:: Given information ::

◇ ◇ ◇

definition noise_pmf :: "(nat set \<Rightarrow> bool) pmf" where
  "noise_pmf = Pi_pmf (all_edges n) False (\<lambda>_. bernoulli_pmf q)"

definition config_pmf :: "config pmf" where
  "config_pmf = pair_pmf noise_pmf (pmf_of_set injections)"

definition graph_of :: "config \<Rightarrow> nat set set" where
  "graph_of = (\<lambda>(f, \<sigma>). {e \<in> all_edges n. f e} \<union> (\<lambda>e. \<sigma> ` e) ` dary_edges D h)"

definition planted_of :: "config \<Rightarrow> nat set" where
  "planted_of = (\<lambda>(f, \<sigma>). \<sigma> ` V)"

abbreviation expect :: "(config \<Rightarrow> real) \<Rightarrow> real" where
  "expect \<equiv> measure_pmf.expectation config_pmf"

lemma finite_injections: "finite injections"
  unfolding injections_def
  by (rule finite_subset[of _ "V \<rightarrow>\<^sub>E {..<n}"]) (auto intro: finite_PiE finite_dary_vertices)

lemma injections_nonempty: "injections \<noteq> {}"
proof -
  have "card V \<le> card {..<n}"
    using tree_fits card_dary_vertices[OF D_ge_2] by simp
  then obtain \<sigma> where "\<sigma> ` V \<subseteq> {..<n}" and "inj_on \<sigma> V"
    using card_le_inj[OF finite_dary_vertices finite_lessThan] by blast
  then have "restrict \<sigma> V \<in> injections"
    unfolding injections_def by (auto simp: inj_on_def)
  then show ?thesis
    by blast
qed

lemma set_pmf_injections [simp]: "set_pmf (pmf_of_set injections) = injections"
  using finite_injections injections_nonempty by simp

lemma card_planted_of:
  assumes "\<sigma> \<in> injections"
  shows "card (planted_of (f, \<sigma>)) = dary_size D h"
  using assms card_dary_vertices[OF D_ge_2]
  unfolding injections_def planted_of_def by (auto simp: card_image)

lemma finite_planted_of: "finite (planted_of \<omega>)"
  using finite_dary_vertices by (simp add: planted_of_def split: prod.splits)

lemma finite_set_noise_pmf: "finite (set_pmf noise_pmf)"
  unfolding noise_pmf_def using finite_all_edges
  by (auto simp: set_Pi_pmf intro: finite_subset[OF _ finite_PiE_dflt[of _ _ "\<lambda>_. UNIV"]])

lemma finite_set_config_pmf: "finite (set_pmf config_pmf)"
  unfolding config_pmf_def using finite_set_noise_pmf finite_injections by simp

lemma integrable_config_pmf [simp]:
  fixes g :: "config \<Rightarrow> real"
  shows "integrable config_pmf g"
  by (rule integrable_measure_pmf_finite[OF finite_set_config_pmf])

lemma planted_model_eq_map_config_pmf:
  "planted_model D lam h n = map_pmf (\<lambda>\<omega>. (graph_of \<omega>, planted_of \<omega>)) config_pmf"
  unfolding planted_model_def erdos_renyi_def random_injection_def config_pmf_def pair_pmf_def
    noise_pmf_def injections_def graph_of_def planted_of_def
  by (simp add: bind_map_pmf map_bind_pmf)

lemma overlap_eq_expectation:
  assumes "estimator n (dary_size D h) est"
  shows "overlap D lam h n est = expect (\<lambda>\<omega>. real (card (est (graph_of \<omega>) \<inter> planted_of \<omega>)))"
proof -
  have "overlap D lam h n est
      = (\<Sum>i<n. measure_pmf.prob config_pmf {\<omega>. i \<in> est (graph_of \<omega>) \<inter> planted_of \<omega>})"
    unfolding overlap_def planted_model_eq_map_config_pmf measure_map_pmf
    by (intro sum.cong refl arg_cong[where f = "measure_pmf.prob _"]) auto
  also have "\<dots> = (\<Sum>i<n. expect (\<lambda>\<omega>. indicator (est (graph_of \<omega>) \<inter> planted_of \<omega>) i))"
  proof -
    have pointwise: "(\<lambda>\<omega>. indicator (X \<omega>) i :: real) = indicator {\<omega>. i \<in> X \<omega>}"
      for i and X :: "config \<Rightarrow> nat set"
      by (auto simp: indicator_def)
    have "expect (indicator A) = measure_pmf.prob config_pmf A" for A
      by simp
    then show ?thesis
      by (simp only: pointwise)
  qed
  also have "\<dots> = expect (\<lambda>\<omega>. \<Sum>i<n. indicator (est (graph_of \<omega>) \<inter> planted_of \<omega>) i)"
    by (rule Bochner_Integration.integral_sum[symmetric]) simp
  also have "\<dots> = expect (\<lambda>\<omega>. real (card (est (graph_of \<omega>) \<inter> planted_of \<omega>)))"
  proof -
    have "(\<Sum>i<n. indicator X i :: real) = real (card X)" if "X \<subseteq> {..<n}" for X
      using that by (simp add: indicator_def Int_absorb1)
    moreover have "est G \<inter> S \<subseteq> {..<n}" for G S
      using assms unfolding estimator_def by auto
    ultimately show ?thesis
      by simp
  qed
  finally show ?thesis .
qed

section \<open>The leaf swap\<close>

definition leaf_parents :: "nat list set" where
  "leaf_parents = {p. length p = h - 1 \<and> set p \<subseteq> {..<D}}"

lemma finite_leaf_parents: "finite leaf_parents"
  unfolding leaf_parents_def using finite_lists_length_eq[of "{..<D}" "h - 1"]
  by (simp add: conj_commute)

lemma card_leaf_parents: "card leaf_parents = D ^ (h - 1)"
  unfolding leaf_parents_def using card_lists_length_eq[of "{..<D}" "h - 1"]
  by (simp add: conj_commute)

lemma leaf_parentD:
  assumes "p \<in> leaf_parents"
  shows "p \<in> V" and "p @ [0] \<in> V" and "length p + 1 = h" and "{p, p @ [0]} \<in> dary_edges D h"
  using assms h_pos D_ge_2 unfolding leaf_parents_def dary_vertices_def dary_edges_def
  by (auto intro!: exI[of _ p] exI[of _ 0])

definition swappable :: "nat list \<Rightarrow> nat \<Rightarrow> nat \<Rightarrow> config \<Rightarrow> bool" where
  "swappable p a b = (\<lambda>(f, \<sigma>). \<sigma> \<in> injections \<and> \<sigma> (p @ [0]) = a \<and> b < n \<and> b \<notin> \<sigma> ` V
     \<and> f {\<sigma> p, b} \<and> \<not> f {\<sigma> p, a}
     \<and> (\<forall>x<n. x \<notin> \<sigma> ` V \<longrightarrow> x \<noteq> b \<longrightarrow> \<not> f {\<sigma> p, x})
     \<and> (\<forall>y\<in>\<sigma> ` V. y \<noteq> \<sigma> p \<longrightarrow> y \<noteq> a \<longrightarrow> \<not> f {a, y} \<and> \<not> f {b, y}))"

(* Symmetric in a and b, so that it is an involution on all configurations. *)
definition swap_leaf :: "nat list \<Rightarrow> nat \<Rightarrow> nat \<Rightarrow> config \<Rightarrow> config" where
  "swap_leaf p a b = (\<lambda>(f, \<sigma>).
     if swappable p a b (f, \<sigma>) \<or> swappable p b a (f, \<sigma>)
     then (f \<circ> Transposition.transpose {\<sigma> p, a} {\<sigma> p, b},
           \<sigma>(p @ [0] := Transposition.transpose a b (\<sigma> (p @ [0]))))
     else (f, \<sigma>))"

lemma swap_leaf_commute: "swap_leaf p a b = swap_leaf p b a"
  unfolding swap_leaf_def by (auto simp: fun_eq_iff transpose_commute)

lemma swap_leaf_eq:
  assumes "swappable p a b (f, \<sigma>)"
  shows "swap_leaf p a b (f, \<sigma>) = (f \<circ> Transposition.transpose {\<sigma> p, a} {\<sigma> p, b}, \<sigma>(p @ [0] := b))"
  using assms unfolding swap_leaf_def by (auto simp: swappable_def)

lemma swap_leaf_not_swappable:
  assumes "\<not> swappable p a b \<omega>" and "\<not> swappable p b a \<omega>"
  shows "swap_leaf p a b \<omega> = \<omega>"
  using assms unfolding swap_leaf_def by (auto split: prod.splits)

context
  fixes p :: "nat list"
  assumes p: "p \<in> leaf_parents"
begin

lemma swappableD:
  assumes "swappable p a b (f, \<sigma>)"
  shows "\<sigma> \<in> injections" and "\<sigma> (p @ [0]) = a" and "a \<in> \<sigma> ` V" and "b \<notin> \<sigma> ` V" and "a \<noteq> b"
    and "\<sigma> p \<noteq> a" and "\<sigma> p \<noteq> b" and "{\<sigma> p, a} \<in> all_edges n" and "{\<sigma> p, b} \<in> all_edges n"
    and "a < n" and "b < n"
proof -
  show inj: "\<sigma> \<in> injections" and a: "\<sigma> (p @ [0]) = a" and b: "b \<notin> \<sigma> ` V"
    using assms unfolding swappable_def by auto
  show aV: "a \<in> \<sigma> ` V"
    using a leaf_parentD(2)[OF p] by blast
  then show "a \<noteq> b"
    using b by blast
  show "\<sigma> p \<noteq> a"
    using inj a leaf_parentD(1,2)[OF p] unfolding injections_def by (auto dest: inj_onD)
  moreover show "\<sigma> p \<noteq> b"
    using b leaf_parentD(1)[OF p] by blast
  moreover show "a < n" and "b < n"
    using inj aV assms unfolding injections_def swappable_def by auto
  moreover have "\<sigma> p < n"
    using inj leaf_parentD(1)[OF p] unfolding injections_def by auto
  ultimately show "{\<sigma> p, a} \<in> all_edges n" and "{\<sigma> p, b} \<in> all_edges n"
    unfolding all_edges_def by blast+
qed

lemma image_update_leaf:
  assumes "\<sigma> \<in> injections"
  shows "\<sigma>(p @ [0] := b) ` V = insert b (\<sigma> ` V - {\<sigma> (p @ [0])})"
proof -
  have "\<sigma> ` (V - {p @ [0]}) = \<sigma> ` V - {\<sigma> (p @ [0])}"
    using assms leaf_parentD(2)[OF p] unfolding injections_def by (auto dest: inj_onD)
  then show ?thesis
    using leaf_parentD(2)[OF p] by (metis fun_upd_image)
qed

lemma update_leaf_in_injections:
  assumes "\<sigma> \<in> injections" and "b < n" and "b \<notin> \<sigma> ` V"
  shows "\<sigma>(p @ [0] := b) \<in> injections"
  using assms leaf_parentD(2)[OF p] unfolding injections_def
  by (auto intro!: inj_on_fun_updI simp: PiE_def extensional_def)

lemma image_dary_edges_update_leaf:
  "(\<lambda>e. \<sigma>(p @ [0] := b) ` e) ` dary_edges D h
    = insert {\<sigma> p, b} ((\<lambda>e. \<sigma> ` e) ` (dary_edges D h - {{p, p @ [0]}}))"
proof -
  have "\<sigma>(p @ [0] := b) ` e = \<sigma> ` e" if "e \<in> dary_edges D h - {{p, p @ [0]}}" for e
  proof -
    have "p @ [0] \<notin> e"
      using that dary_edge_at_leaf leaf_parentD(3)[OF p] by blast
    then show ?thesis
      by (auto intro: image_cong)
  qed
  moreover have "\<sigma>(p @ [0] := b) ` {p, p @ [0]} = {\<sigma> p, b}"
    by simp
  ultimately show ?thesis
    using leaf_parentD(4)[OF p] by (metis (no_types, lifting) image_cong image_insert insert_Diff)
qed

lemma swappable_swap_leaf:
  assumes "swappable p a b \<omega>"
  shows "swappable p b a (swap_leaf p a b \<omega>)"
proof -
  obtain f \<sigma> where \<omega>: "\<omega> = (f, \<sigma>)"
    by fastforce
  note facts = swappableD[OF assms[unfolded \<omega>]]
  define u where "u = \<sigma> p"
  define f' where "f' = f \<circ> Transposition.transpose {u, a} {u, b}"
  define \<sigma>' where "\<sigma>' = \<sigma>(p @ [0] := b)"
  have hyps: "f {u, b}" "\<not> f {u, a}"
     "\<And>x. x < n \<Longrightarrow> x \<notin> \<sigma> ` V \<Longrightarrow> x \<noteq> b \<Longrightarrow> \<not> f {u, x}"
     "\<And>y. y \<in> \<sigma> ` V \<Longrightarrow> y \<noteq> u \<Longrightarrow> y \<noteq> a \<Longrightarrow> \<not> f {a, y} \<and> \<not> f {b, y}"
    using assms unfolding \<omega> swappable_def u_def by auto
  have "u \<noteq> a" "u \<noteq> b" "a \<noteq> b"
    using facts unfolding u_def by auto
  then have f'_apply: "f' {u, a} = f {u, b}" "f' {u, b} = f {u, a}"
    "x \<notin> {a, b} \<Longrightarrow> f' {u, x} = f {u, x}" "u \<notin> {x, y} \<Longrightarrow> f' {x, y} = f {x, y}" for x y
    by (simp_all add: f'_def transpose_doubletons_apply)
  have u: "\<sigma>' p = u"
    by (simp add: \<sigma>'_def u_def)
  have img: "\<sigma>' ` V = insert b (\<sigma> ` V - {a})"
    using image_update_leaf[OF facts(1)] facts(2) by (simp add: \<sigma>'_def)
  have "swappable p b a (f', \<sigma>')"
    unfolding swappable_def prod.case u
  proof (intro conjI ballI allI impI)
    show "\<sigma>' \<in> injections"
      unfolding \<sigma>'_def using facts(1,11,4) by (rule update_leaf_in_injections)
    show "\<sigma>' (p @ [0]) = b"
      by (simp add: \<sigma>'_def)
    show "a < n"
      by (fact facts(10))
    show "a \<notin> \<sigma>' ` V"
      using img \<open>a \<noteq> b\<close> by blast
    show "f' {u, a}" "\<not> f' {u, b}"
      using hyps(1,2) f'_apply(1,2) by simp_all
  next
    fix x assume "x < n" "x \<notin> \<sigma>' ` V" "x \<noteq> a"
    then show "\<not> f' {u, x}"
      using img hyps(3) f'_apply(3) by auto
  next
    fix y assume "y \<in> \<sigma>' ` V" "y \<noteq> u" "y \<noteq> b"
    then show "\<not> f' {b, y}" "\<not> f' {a, y}"
      using img hyps(4)[of y] f'_apply(4) \<open>u \<noteq> a\<close> \<open>u \<noteq> b\<close> by auto
  qed
  then show ?thesis
    using swap_leaf_eq assms unfolding \<omega> f'_def \<sigma>'_def u_def by simp
qed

◇ ◇ ◇

:: Task prompt ::
Wherever the line holding "using b leaf_parentD(1)[OF p] by blast" falls in the entries above, copy exactly from it through the line holding "using inj leaf_parentD(1)[OF", inclusive, and add nothing.

:: Reply to the task ::
    using b leaf_parentD(1)[OF p] by blast
  moreover show "a < n" and "b < n"
    using inj aV assms unfolding injections_def swappable_def by auto
  moreover have "\<sigma> p < n"
    using inj leaf_parentD(1)[OF p] unfolding injections_def by auto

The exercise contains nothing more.